§ **What to work on**
What lines in the entries below contain the word "then"? Copy all of them.

═══ The data

lemma gs_q_step_model_le:
  fixes x y d g :: "real^'n"
  assumes n2: "2 \<le> CARD('n)" and L: "0 \<le> L" and x: "x \<in> feasible_set \<gamma> l u"
    and step: "gs_q_step g L (feasible_set \<gamma> l u) x d" and y: "y \<in> feasible_set \<gamma> l u"
  shows "(real CARD('n) - 1) * quad_model g L d \<le> quad_model g L (y - x)"
proof -
  obtain i j where "pair_dir i j d"
    and opt: "\<And>i j e. pair_dir i j e \<Longrightarrow> x + e \<in> feasible_set \<gamma> l u \<Longrightarrow> quad_model g L d \<le> quad_model g L e"
    using step by (auto simp: gs_q_step_def)
  then have "pair_dir i j 0" by (simp add: pair_dir_def)
  then have nonpos: "quad_model g L d \<le> 0" using opt[of i j 0] x by (simp add: quad_model_def)
  have "card {m. (y - x) $ m \<noteq> 0} \<le> CARD('n)" by (rule card_mono) auto
  then have "real (card {m. (y - x) $ m \<noteq> 0} - 1) \<le> real CARD('n) - 1"
    using n2 by linarith
  then have "(real CARD('n) - 1) * quad_model g L d
      \<le> real (card {m. (y - x) $ m \<noteq> 0} - 1) * quad_model g L d"
    using nonpos by (rule mult_right_mono_neg)
  also have "\<dots> \<le> quad_model g L (y - x)"
    using y by (intro quad_model_ge_pair_moves[OF x _ L nonpos opt]) simp
  finally show ?thesis .
qed

lemma gs_q_step_contraction:
  fixes f :: "real^'n \<Rightarrow> real" and x d :: "real^'n"
  assumes n2: "2 \<le> CARD('n)" and L: "0 < L"
    and deriv: "\<And>y. (f has_derivative (\<lambda>h. grad y \<bullet> h)) (at y)"
    and lip: "pair_lipschitz grad L (feasible_set \<gamma> l u)"
    and pl: "\<mu> * (f x - fstar)
      \<le> - L * Inf {quad_model (grad x) L (y - x) | y. y \<in> feasible_set \<gamma> l u}"
    and x: "x \<in> feasible_set \<gamma> l u" and step: "gs_q_step (grad x) L (feasible_set \<gamma> l u) x d"
  shows "f (x + d) - fstar \<le> (1 - \<mu> / (L * (real CARD('n) - 1))) * (f x - fstar)"
proof -
  define N where "N = real CARD('n) - 1"
  define m where "m = quad_model (grad x) L d"
  obtain i j where d: "pair_dir i j d" and xd: "x + d \<in> feasible_set \<gamma> l u"
    using step by (auto simp: gs_q_step_def)
  have descent: "f (x + d) \<le> f x + m"
    unfolding m_def using pair_lipschitz_gradient_variation[OF lip convex_feasible_set x xd d]
    by (rule descent_lemma_segment[OF deriv])
  have "N * m \<le> Inf {quad_model (grad x) L (y - x) | y. y \<in> feasible_set \<gamma> l u}"
    using gs_q_step_model_le[OF n2 _ x step] L x unfolding N_def m_def
    by (intro cInf_greatest) auto
  then have "L * (N * m) \<le> L * Inf {quad_model (grad x) L (y - x) | y. y \<in> feasible_set \<gamma> l u}"
    using L by (simp add: mult_left_mono)
  then have "(L * N) * m \<le> - \<mu> * (f x - fstar)"
    using pl by (simp add: mult.assoc)
  moreover have "0 < L * N" using n2 L by (simp add: N_def)
  ultimately have m_le: "m \<le> - \<mu> * (f x - fstar) / (L * N)"
    by (simp only: pos_le_divide_eq mult.commute[of m])
  have "f (x + d) - fstar \<le> (f x - fstar) - \<mu> * (f x - fstar) / (L * N)"
    using descent m_le by simp
  also have "\<dots> = (1 - \<mu> / (L * N)) * (f x - fstar)"
    by (simp add: left_diff_distrib)
  finally show ?thesis by (simp add: N_def)
qed

lemma contraction_power_bound:
  fixes a :: "nat \<Rightarrow> real"
  assumes contr: "\<And>k. a (Suc k) \<le> c * a k" and nonneg: "\<And>k. 0 \<le> a k"
  shows "a k \<le> c ^ k * a 0"
proof (cases "0 \<le> c")
  case True
  show ?thesis
  proof (induction k)
    case (Suc k)
    have "a (Suc k) \<le> c * a k" by (rule contr)
    also have "\<dots> \<le> c * (c ^ k * a 0)" using Suc True by (rule mult_left_mono)
    finally show ?case by (simp add: mult.assoc)
  qed simp
next
  case False
  have vanish: "a (Suc k) = 0" for k
    using contr[of k] nonneg[of k] nonneg[of "Suc k"] False
    by (meson mult_nonneg_nonpos2 not_le order_antisym order_trans less_imp_le)
  have "c * a 0 \<le> 0" using False nonneg[of 0] by (simp add: mult_nonpos_nonneg)
  moreover have "0 \<le> c * a 0" using contr[of 0] nonneg[of 1] by simp
  ultimately have "c * a 0 = 0" by simp
  then have "a 0 = 0" using False by simp
  with vanish show ?thesis by (cases k) simp_all
qed

theorem mainTheorem11:
  fixes f :: "real^'n \<Rightarrow> real" and grad :: "real^'n \<Rightarrow> real^'n"
    and \<gamma> L2 \<mu>2 :: real and l u :: "real^'n" and xs :: "nat \<Rightarrow> real^'n"
  assumes n2: "CARD('n) \<ge> 2"
    and lu: "\<forall>m. l $ m \<le> u $ m"
    and nonempty: "feasible_set \<gamma> l u \<noteq> {}"
    and diff: "\<forall>x. (f has_derivative (\<lambda>h. grad x \<bullet> h)) (at x)"
    and L2pos: "L2 > 0"
    and lip: "\<forall>x\<in>feasible_set \<gamma> l u. \<forall>i j d. i \<noteq> j \<and> d $ i = - d $ j
              \<and> (\<forall>m. m \<noteq> i \<and> m \<noteq> j \<longrightarrow> d $ m = 0) \<and> x + d \<in> feasible_set \<gamma> l u
              \<longrightarrow> pair_norm (grad (x + d) - grad x) i j \<le> L2 * norm d"
    and mu2pos: "\<mu>2 > 0"
    and pl: "\<forall>x\<in>feasible_set \<gamma> l u.
              - L2 * Inf {grad x \<bullet> (y - x) + L2 / 2 * (norm (y - x))\<^sup>2 | y. y \<in> feasible_set \<gamma> l u}
              \<ge> \<mu>2 * (f x - Inf (f ` feasible_set \<gamma> l u))"
    and x0: "xs 0 \<in> feasible_set \<gamma> l u"
    and step: "\<forall>k. \<exists>i j. pair_dir i j (xs (Suc k) - xs k) \<and> xs (Suc k) \<in> feasible_set \<gamma> l u
              \<and> (\<forall>i' j' d'. pair_dir i' j' d' \<and> xs k + d' \<in> feasible_set \<gamma> l u \<longrightarrow>
                   grad (xs k) \<bullet> (xs (Suc k) - xs k) + L2 / 2 * (norm (xs (Suc k) - xs k))\<^sup>2
                   \<le> grad (xs k) \<bullet> d' + L2 / 2 * (norm d')\<^sup>2)"
  shows "\<forall>k. f (xs k) - Inf (f ` feasible_set \<gamma> l u)
           \<le> (1 - \<mu>2 / (L2 * (real CARD('n) - 1))) ^ k * (f (xs 0) - Inf (f ` feasible_set \<gamma> l u))"
proof
  fix k
  let ?X = "feasible_set \<gamma> l u"
  define fstar where "fstar = Inf (f ` ?X)"
  have gs_q: "gs_q_step (grad (xs k)) L2 ?X (xs k) (xs (Suc k) - xs k)" for k
    using step by (auto simp: gs_q_step_def quad_model_def)
  have feasible: "xs k \<in> ?X" for k
    using gs_q x0 by (cases k) (auto simp: gs_q_step_def)
  have "continuous_on ?X f"
    using diff by (intro has_derivative_continuous_on) (auto intro: has_derivative_at_withinI)
  then have "bdd_below (f ` ?X)"
    by (intro bounded_imp_bdd_below compact_imp_bounded compact_continuous_image compact_feasible_set)
  then have gap_nonneg: "0 \<le> f (xs k) - fstar" for k
    using feasible by (auto simp: fstar_def intro: cInf_lower)
  have lipschitz: "pair_lipschitz grad L2 ?X"
    using lip by (auto simp: pair_lipschitz_def pair_dir_def eq_neg_iff_add_eq_0)
  have "f (xs (Suc k)) - fstar \<le> (1 - \<mu>2 / (L2 * (real CARD('n) - 1))) * (f (xs k) - fstar)" for k
    using gs_q_step_contraction[OF n2 L2pos _ lipschitz _ feasible gs_q] diff pl feasible[of k]
    by (auto simp: fstar_def quad_model_def)
  then show "f (xs k) - fstar \<le> (1 - \<mu>2 / (L2 * (real CARD('n) - 1))) ^ k * (f (xs 0) - fstar)"
    using gap_nonneg by (rule contraction_power_bound)
qed

end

══════

§ **Response**
  then have "pair_dir i j 0" by (simp add: pair_dir_def)
  then have nonpos: "quad_model g L d \<le> 0" using opt[of i j 0] x by (simp add: quad_model_def)
  then have "real (card {m. (y - x) $ m \<noteq> 0} - 1) \<le> real CARD('n) - 1"
  then have "(real CARD('n) - 1) * quad_model g L d
  then have "L * (N * m) \<le> L * Inf {quad_model (grad x) L (y - x) | y. y \<in> feasible_set \<gamma> l u}"
  then have "(L * N) * m \<le> - \<mu> * (f x - fstar)"
  then have "a 0 = 0" using False by simp
  then have "bdd_below (f ` ?X)"
  then have gap_nonneg: "0 \<le> f (xs k) - fstar" for k
  then show "f (xs k) - fstar \<le> (1 - \<mu>2 / (L2 * (real CARD('n) - 1))) ^ k * (f (xs 0) - fstar)"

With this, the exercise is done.